2 The Essence of Charlotte Mason’s Character Education Approach…
“Children are born persons” (Mason, 1905/2009, Kindle e-reader location 163).

3 Character Value Lens #1: Respect
First and foremost, Charlotte Mason believed in RESPECT. She respected the student as an equal and an individual. Further, she acknowledged the enormous intellectual potential and the God-given personality that all children possess at birth (Mason, 1905/2009). “the mind is not a receptacle into which ideas must be dropped… a child’s mind is no mere sac to hold ideas” (Kindle e-reader location 183). “children have illimitable capacity for all knowledge which reaches them” (Kindle e-reader location 2065). “we recognize that children are persons, and personality should be far more inviolable in our eyes than property” (Kindle e-reader location 241).

4 Character Value Lens #2: Empathy
Charlotte Mason believed in EMPATHY. She encouraged empathy through understanding, sensitivity, nurture, and refraining from the abuse of authority (Mason, 1905/2009). “A child cannot bear estrangement, disapproval; he must needs live in the light of a countenance smiling upon him” (Kindle e-reader location 440). “we must keep ourselves continually in check, and see that our innate love of power finds lawful outlet in the building up of a child’s character, and not in the rude rebuff, the jibe and sneer, the short answer and hasty slap which none of us older people could conceivably endure ourselves” (Kindle e-reader location 1290). “let your children feel and see and be quite sure that you love them” (Kindle e-reader location 2005).

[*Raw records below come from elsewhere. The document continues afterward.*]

(* Let $M_s=\mathbf{Sp}(2,\mathbb{R})/\mathbf{SL}(2,\mathbb{R})_s$ with the $\mathbf{Sp}(2,\mathbb{R})$-invariant metric $g_K=2(f^4)^2-2f^3\odot f^5+f^2\odot f^6-4f^1\odot f^7$ (notation as in the context). The most general $\mathbf{Sp}(2,\mathbb{R})$-invariant 3-form $\phi$ on $M_s$ (i.e. of the form $\tfrac16\phi_{\mu\nu\rho}f^\mu\wedge f^\nu\wedge f^\rho$ with constant coefficients, $\mu,\nu,\rho\in\{1,\dots,7\}$, satisfying $\mathcal{L}_X\phi=0$ for all $X$ in $D_s$) such that $(g_K,\phi)$ is compatible is the 1-parameter family $$\phi=2f^{147}+\tfrac12f^{246}+f^{345}+qf^{136}+\frac{1}{q}f^{257},\qquad q\neq0.$$
   Context: Realize $\mathfrak{sp}(2,\mathbb{R})$ as the real $4\times 4$ matrices $$E=\begin{pmatrix} a_5&a_7&a_9&2a_{10}\\ -a_4&a_6&a_8&a_9\\ a_2&a_3&-a_6&-a_7\\ -2a_1&a_2&a_4&-a_5\end{pmatrix}$$ with basis $E_I=\partial E/\partial a_I$. Put $f_1=E_1,\ f_2=E_3,\ f_3=E_4,\ f_4=E_6-E_5,\ f_5=E_7,\ f_6=E_8,\ f_7=E_{10},\ f_8=E_2,\ f_9=E_5+E_6,\ f_{10}=E_9$, regarded as left-invariant vector fields on $\mathbf{Sp}(2,\mathbb{R})$, with dual left-invariant 1-forms $(f^I)$. $\mathbf{SL}(2,\mathbb{R})_s$ is the subgroup with Lie algebra $\mathrm{Span}(E_2,E_5+E_6,E_9)=\mathrm{Span}(f_8,f_9,f_{10})$; $D_s$ is the distribution spanned by $f_8,f_9,f_{10}$, with leaf space $M_s$; forms in $f^1,\dots,f^7$ with constant coefficients annihilated by $\mathcal{L}_X$, $X\in D_s$, descend to $M_s$. A pair $(g,\phi)$ is compatible if $(f_\mu\lrcorner\phi)\wedge(f_\nu\lrcorner\phi)\wedge\phi=3g(f_\mu,f_\nu)\,f^1\wedge\cdots\wedge f^7$ for all $\mu,\nu=1,\dots,7$. Notation: $f^I\odot f^J=\tfrac12(f^I\otimes f^J+f^J\otimes f^I)$, $(f^I)^2=f^I\odot f^I$, $f^{\mu\nu\rho}=f^\mu\wedge f^\nu\wedge f^\rho$. *)

theory Defs
  imports Complex_Main "HOL-Combinatorics.Permutations"
begin

text \<open>Real 4x4 matrices are modelled as functions nat => nat => real, only entries with
indices 0..3 being relevant.\<close>

type_synonym mat4 = "nat \<Rightarrow> nat \<Rightarrow> real"

definition Emat :: "(nat \<Rightarrow> real) \<Rightarrow> mat4" where
  "Emat a = (\<lambda>i j.
     [[a 5, a 7, a 9, 2 * a 10],
      [- a 4, a 6, a 8, a 9],
      [a 2, a 3, - a 6, - a 7],
      [-2 * a 1, a 2, a 4, - a 5]] ! i ! j)"

definition Ebas :: "nat \<Rightarrow> mat4" where
  "Ebas I = Emat (\<lambda>J. if J = I then 1 else 0)"

definition madd :: "mat4 \<Rightarrow> mat4 \<Rightarrow> mat4" where
  "madd A B = (\<lambda>i j. A i j + B i j)"

definition msub :: "mat4 \<Rightarrow> mat4 \<Rightarrow> mat4" where
  "msub A B = (\<lambda>i j. A i j - B i j)"

definition mmul :: "mat4 \<Rightarrow> mat4 \<Rightarrow> mat4" where
  "mmul A B = (\<lambda>i j. \<Sum>k<4. A i k * B k j)"

definition mbr :: "mat4 \<Rightarrow> mat4 \<Rightarrow> mat4" where
  "mbr A B = msub (mmul A B) (mmul B A)"

definition fbas :: "nat \<Rightarrow> mat4" where
  "fbas I = (if I = 1 then Ebas 1 else if I = 2 then Ebas 3 else if I = 3 then Ebas 4
     else if I = 4 then msub (Ebas 6) (Ebas 5) else if I = 5 then Ebas 7
     else if I = 6 then Ebas 8 else if I = 7 then Ebas 10 else if I = 8 then Ebas 2
     else if I = 9 then madd (Ebas 5) (Ebas 6) else Ebas 9)"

5 What I Admire About Charlotte Mason:
“Like religion, education is nothing or it is everything – a consuming fire in the bones” (Mason, Kindle e-reader location 2360). What I Admire About Charlotte Mason: Mason refused to separate the Christian faith from education; in fact, she considered faith essential to good education (Mason 1905/2009). Mason taught educators to gently yet diligently assist the development of the child’s character, writing, “Provide a child with what he needs in the way of instruction, opportunity, and wholesome occupation, and his character will take care of itself” (Kindle e-reader location 236). Mason recognized the importance of a good education asserting, “education is not merely a preparation for life, but the work of the lifetime” (Kindle e-reader location 2359). Mason respected a child’s individual personhood writing, “the mother errs in believing that her children are hers” (Kindle e-reader location 1298). Mason asserted that the educator should seek to kindle and feed the fire of a child’s curiosity writing, “lessons must be made interesting” (Kindle e-reader location 685) and “to starve her imagination would be to do real wrong to the child” (Kindle e-reader location 1574). Mason considered excellent literature to be the preferred means by which to teach children (Mason 1905/2009).

6 Possible Deficiencies in Mason’s Approach
Mason was an only child. Further, both of Mason’s parents were only children. Thus, Mason received a highly individualized education by parents who did not have to divide their time among multiple children. Mason herself never married and had no children (Natal, n.d.). Her solitary upbringing and her lack of mothering experience might have made her a bit idealistic in her theories. Parents with multiple children may find her theories difficult to implement due to how much time and individual attention is required for each child. Mason advised that children spend several unguided hours outdoors each day in order to explore (Mason, 1905/2009). In Mason’s day, safety was of less concern than it is today. In some settings today (for ex., big cities), implementing this idea may be impractical, dangerous and may even be considered negligent parenting.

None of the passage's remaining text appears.